Task item —
The job is to find each line in the entries holding the string "subseteq" and copy that line.

(Stored data entries)

|---|

lemma drop_first_Suc': "drop_first X (Suc k) m x = face X (m - k) 0 (drop_first X k m x)"
  using drop_first_add[of X 1 k m x] by simp

text \<open>The face of an \<open>n\<close>-simplex spanned by its vertices \<open>a, \<dots>, b\<close>.\<close>
definition subsimplex :: "'s sset \<Rightarrow> nat \<Rightarrow> 's \<Rightarrow> nat \<Rightarrow> nat \<Rightarrow> 's" where
  "subsimplex X n x a b = drop_first X a b (drop_last X (n - b) n x)"

lemma edge_eq_subsimplex: "edge X n x j = subsimplex X n x j (Suc j)"
  by (simp add: edge_def subsimplex_def)

lemma length_enum [simp]: "length (enum X n x) = n"
  by (simp add: enum_def)

lemma nth_enum: "j < n \<Longrightarrow> enum X n x ! j = subsimplex X n x j (Suc j)"
  by (simp add: enum_def edge_eq_subsimplex)

lemma enum_0: "enum X 0 x = []"
  by (simp add: enum_def)

lemma enum_1: "enum X 1 x = [x]"
  by (simp add: enum_def edge_def)

lemma prod_op_2: "prod_op X 2 x = face X 2 1 x"
  by (simp add: prod_op_def numeral_2_eq_2)

lemma prod_op_face_1: "prod_op X (Suc k) (face X (Suc (Suc k)) 1 x) = prod_op X (Suc (Suc k)) x"
  by (simp add: prod_op_def)

lemma sset_map_in_simp: "sset_map X Y f \<Longrightarrow> x \<in> simp X n \<Longrightarrow> f n x \<in> simp Y n"
  unfolding sset_map_def by blast

lemma sset_map_face:
  "sset_map X Y f \<Longrightarrow> x \<in> simp X (Suc n) \<Longrightarrow> i \<le> Suc n \<Longrightarrow>
    f n (face X (Suc n) i x) = face Y (Suc n) i (f (Suc n) x)"
  unfolding sset_map_def by (metis Suc_le_mono diff_Suc_1 le0 One_nat_def)
lemma linear_order_on_finite_has_greatest:
  assumes lin: "linear_order_on A R" and "finite A" "X \<subseteq> A" "X \<noteq> {}"
  shows "\<exists>z\<in>X. \<forall>x\<in>X. (z, x) \<in> R"
proof -
  have "finite R"
    using linear_order_on_field[OF lin] \<open>finite A\<close> by (simp add: finite_subset)
  then have "wf (R - Id)"
    using lin linear_order_on_well_order_on unfolding well_order_on_def by blast
  then obtain z where "z \<in> X" "\<And>x. (x, z) \<in> R - Id \<Longrightarrow> x \<notin> X"
    using \<open>X \<noteq> {}\<close> by (metis ex_in_conv wfE_min)
  then show ?thesis
    using linear_order_on_total[OF lin] \<open>X \<subseteq> A\<close> by blast
qed

lemma best_doubleton:
  assumes "linear_order_on A R" "x \<in> A" "y \<in> A"
  shows "best R {x, y} = (if (x, y) \<in> R then x else y)"
  unfolding best_def
  by (rule the_equality)
    (use assms linear_order_on_refl[OF assms(1)] linear_order_on_total[OF assms(1)]
         linear_order_on_antisym[OF assms(1)] in auto)

lemma worst_doubleton:
  assumes "linear_order_on A R" "x \<in> A" "y \<in> A"
  shows "worst R {x, y} = (if (x, y) \<in> R then y else x)"
  unfolding worst_def
  by (rule the_equality)
    (use assms linear_order_on_refl[OF assms(1)] linear_order_on_total[OF assms(1)]
         linear_order_on_antisym[OF assms(1)] in auto)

|---|

Problem solution —
  assumes lin: "linear_order_on A R" and "finite A" "X \<subseteq> A" "X \<noteq> {}"
    using linear_order_on_total[OF lin] \<open>X \<subseteq> A\<close> by blast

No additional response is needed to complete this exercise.